▶ **EXERCISE REQUIREMENTS**
Would you transcribe all of the data exactly, down to the last character?

Stored data:
.....

lemma W_bf6_iff_W_shape: "t \<in> W_bf6 n \<longleftrightarrow> W_shape n t"
proof
  assume "t \<in> W_bf6 n"
  then have t: "t \<in> transf n" "t (n - 2) = n - 1" "t (n - 1) = n - 1"
    and zero: "0 \<notin> t ` {0..<n}"
    and iter: "\<forall>j\<ge>1. (t ^^ j) 0 = n - 1 \<or> (\<forall>q. 0 < q \<and> q < n - 1 \<longrightarrow> (t ^^ j) 0 \<noteq> (t ^^ j) q)"
    and shape: "t 0 \<in> {n - 2, n - 1} \<or> t 0 \<in> QM n \<and> (\<forall>q\<in>QM n. t q \<in> {n - 2, n - 1})"
    unfolding W_bf6_def B_bf_def by blast+
  have nonzero: "\<forall>q\<in>QM n. t q \<noteq> 0"
  proof
    fix q assume "q \<in> QM n"
    then have "t q \<in> t ` {0..<n}" by (auto dest: QM_bounds)
    then show "t q \<noteq> 0" using zero by metis
  qed
  have avoid: "\<forall>q\<in>QM n. t q \<noteq> n - 2" if t0: "t 0 = n - 2"
  proof
    fix q assume "q \<in> QM n"
    then have "0 < q \<and> q < n - 1" by (auto dest: QM_bounds)
    moreover have "t 0 = n - 1 \<or> (\<forall>q. 0 < q \<and> q < n - 1 \<longrightarrow> t 0 \<noteq> t q)"
      using iter[rule_format, of 1] by simp
    ultimately show "t q \<noteq> n - 2" using t0 sinks_distinct(3) by metis
  qed
  show "W_shape n t"
    using t nonzero avoid shape unfolding W_shape_def by blast
next
  assume t: "W_shape n t"
  have "0 \<notin> t ` {0..<n}"
  proof
    assume "0 \<in> t ` {0..<n}"
    then obtain q where "q < n" "t q = 0" by auto
    then show False using W_shape_nonzero[OF t] by blast
  qed
  moreover have "\<forall>j\<ge>1. (t ^^ j) 0 = n - 1 \<or> (\<forall>q. 0 < q \<and> q < n - 1 \<longrightarrow> (t ^^ j) 0 \<noteq> (t ^^ j) q)"
    using W_shape_iterate[OF t] by blast
  ultimately have "t \<in> B_bf n"
    unfolding B_bf_def using W_shapeD(1-3)[OF t] by blast
  moreover have "t 0 \<in> {n - 2, n - 1} \<or> t 0 \<in> QM n \<and> (\<forall>q\<in>QM n. t q \<in> {n - 2, n - 1})"
    using t by (cases rule: W_shape_cases) auto
  ultimately show "t \<in> W_bf6 n" unfolding W_bf6_def by blast
qed

lemma W_shape_comp:
  assumes s: "W_shape n s" and t: "W_shape n t"
  shows "W_shape n (t \<circ> s)"
proof -
  have base: "t \<circ> s \<in> transf n" "(t \<circ> s) (n - 2) = n - 1" "(t \<circ> s) (n - 1) = n - 1"
    using transf_comp W_shapeD[OF s] W_shapeD[OF t] by simp_all
  have nonzero: "\<forall>q\<in>QM n. (t \<circ> s) q \<noteq> 0"
  proof
    fix q assume "q \<in> QM n"
    then have "s q < n" using W_shape_lt[OF s] by (auto dest: QM_bounds)
    then show "(t \<circ> s) q \<noteq> 0" using W_shape_nonzero[OF t] by simp
  qed
  have "(t \<circ> s) 0 = n - 1 \<or> (t \<circ> s) 0 = n - 2 \<and> (\<forall>q\<in>QM n. (t \<circ> s) q \<noteq> n - 2) \<or>
      (t \<circ> s) 0 \<in> QM n \<and> (\<forall>q\<in>QM n. (t \<circ> s) q \<in> {n - 2, n - 1})"
  proof (cases "s 0 \<in> QM n")
    case False
    with s have "s 0 = n - 2 \<or> s 0 = n - 1" by (cases rule: W_shape_cases) auto
    then show ?thesis using W_shapeD(2,3)[OF t] by auto
  next
    case True
    text \<open>All of Q_M then goes to the sink, which makes every image of 0 admissible.\<close>
    have QM_sink: "\<forall>q\<in>QM n. (t \<circ> s) q = n - 1"
    proof
      fix q assume "q \<in> QM n"
      then have "s q \<in> {n - 2, n - 1}" by (rule W_shape_QM[OF s True])
      then show "(t \<circ> s) q = n - 1" using W_shapeD(2,3)[OF t] by auto
    qed
    have "s 0 < n" using True by (auto dest: QM_bounds)
    then have "(t \<circ> s) 0 < n" "(t \<circ> s) 0 \<noteq> 0"
      using W_shape_lt[OF t] W_shape_nonzero[OF t] by simp_all
    then have "(t \<circ> s) 0 \<in> QM n \<or> (t \<circ> s) 0 = n - 2 \<or> (t \<circ> s) 0 = n - 1"
      using state_cases[of "(t \<circ> s) 0" n] by auto
    then show ?thesis using QM_sink sinks_distinct(3) by auto
  qed
  then show ?thesis
    using base nonzero unfolding W_shape_def by blast
qed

.....

▶ **ANSWER TO THIS EXERCISE**
lemma W_bf6_iff_W_shape: "t \<in> W_bf6 n \<longleftrightarrow> W_shape n t"
proof
  assume "t \<in> W_bf6 n"
  then have t: "t \<in> transf n" "t (n - 2) = n - 1" "t (n - 1) = n - 1"
    and zero: "0 \<notin> t ` {0..<n}"
    and iter: "\<forall>j\<ge>1. (t ^^ j) 0 = n - 1 \<or> (\<forall>q. 0 < q \<and> q < n - 1 \<longrightarrow> (t ^^ j) 0 \<noteq> (t ^^ j) q)"
    and shape: "t 0 \<in> {n - 2, n - 1} \<or> t 0 \<in> QM n \<and> (\<forall>q\<in>QM n. t q \<in> {n - 2, n - 1})"
    unfolding W_bf6_def B_bf_def by blast+
  have nonzero: "\<forall>q\<in>QM n. t q \<noteq> 0"
  proof
    fix q assume "q \<in> QM n"
    then have "t q \<in> t ` {0..<n}" by (auto dest: QM_bounds)
    then show "t q \<noteq> 0" using zero by metis
  qed
  have avoid: "\<forall>q\<in>QM n. t q \<noteq> n - 2" if t0: "t 0 = n - 2"
  proof
    fix q assume "q \<in> QM n"
    then have "0 < q \<and> q < n - 1" by (auto dest: QM_bounds)
    moreover have "t 0 = n - 1 \<or> (\<forall>q. 0 < q \<and> q < n - 1 \<longrightarrow> t 0 \<noteq> t q)"
      using iter[rule_format, of 1] by simp
    ultimately show "t q \<noteq> n - 2" using t0 sinks_distinct(3) by metis
  qed
  show "W_shape n t"
    using t nonzero avoid shape unfolding W_shape_def by blast
next
  assume t: "W_shape n t"
  have "0 \<notin> t ` {0..<n}"
  proof
    assume "0 \<in> t ` {0..<n}"
    then obtain q where "q < n" "t q = 0" by auto
    then show False using W_shape_nonzero[OF t] by blast
  qed
  moreover have "\<forall>j\<ge>1. (t ^^ j) 0 = n - 1 \<or> (\<forall>q. 0 < q \<and> q < n - 1 \<longrightarrow> (t ^^ j) 0 \<noteq> (t ^^ j) q)"
    using W_shape_iterate[OF t] by blast
  ultimately have "t \<in> B_bf n"
    unfolding B_bf_def using W_shapeD(1-3)[OF t] by blast
  moreover have "t 0 \<in> {n - 2, n - 1} \<or> t 0 \<in> QM n \<and> (\<forall>q\<in>QM n. t q \<in> {n - 2, n - 1})"
    using t by (cases rule: W_shape_cases) auto
  ultimately show "t \<in> W_bf6 n" unfolding W_bf6_def by blast
qed

lemma W_shape_comp:
  assumes s: "W_shape n s" and t: "W_shape n t"
  shows "W_shape n (t \<circ> s)"
proof -
  have base: "t \<circ> s \<in> transf n" "(t \<circ> s) (n - 2) = n - 1" "(t \<circ> s) (n - 1) = n - 1"
    using transf_comp W_shapeD[OF s] W_shapeD[OF t] by simp_all
  have nonzero: "\<forall>q\<in>QM n. (t \<circ> s) q \<noteq> 0"
  proof
    fix q assume "q \<in> QM n"
    then have "s q < n" using W_shape_lt[OF s] by (auto dest: QM_bounds)
    then show "(t \<circ> s) q \<noteq> 0" using W_shape_nonzero[OF t] by simp
  qed
  have "(t \<circ> s) 0 = n - 1 \<or> (t \<circ> s) 0 = n - 2 \<and> (\<forall>q\<in>QM n. (t \<circ> s) q \<noteq> n - 2) \<or>
      (t \<circ> s) 0 \<in> QM n \<and> (\<forall>q\<in>QM n. (t \<circ> s) q \<in> {n - 2, n - 1})"
  proof (cases "s 0 \<in> QM n")
    case False
    with s have "s 0 = n - 2 \<or> s 0 = n - 1" by (cases rule: W_shape_cases) auto
    then show ?thesis using W_shapeD(2,3)[OF t] by auto
  next
    case True
    text \<open>All of Q_M then goes to the sink, which makes every image of 0 admissible.\<close>
    have QM_sink: "\<forall>q\<in>QM n. (t \<circ> s) q = n - 1"
    proof
      fix q assume "q \<in> QM n"
      then have "s q \<in> {n - 2, n - 1}" by (rule W_shape_QM[OF s True])
      then show "(t \<circ> s) q = n - 1" using W_shapeD(2,3)[OF t] by auto
    qed
    have "s 0 < n" using True by (auto dest: QM_bounds)
    then have "(t \<circ> s) 0 < n" "(t \<circ> s) 0 \<noteq> 0"
      using W_shape_lt[OF t] W_shape_nonzero[OF t] by simp_all
    then have "(t \<circ> s) 0 \<in> QM n \<or> (t \<circ> s) 0 = n - 2 \<or> (t \<circ> s) 0 = n - 1"
      using state_cases[of "(t \<circ> s) 0" n] by auto
    then show ?thesis using QM_sink sinks_distinct(3) by auto
  qed
  then show ?thesis
    using base nonzero unfolding W_shape_def by blast
qed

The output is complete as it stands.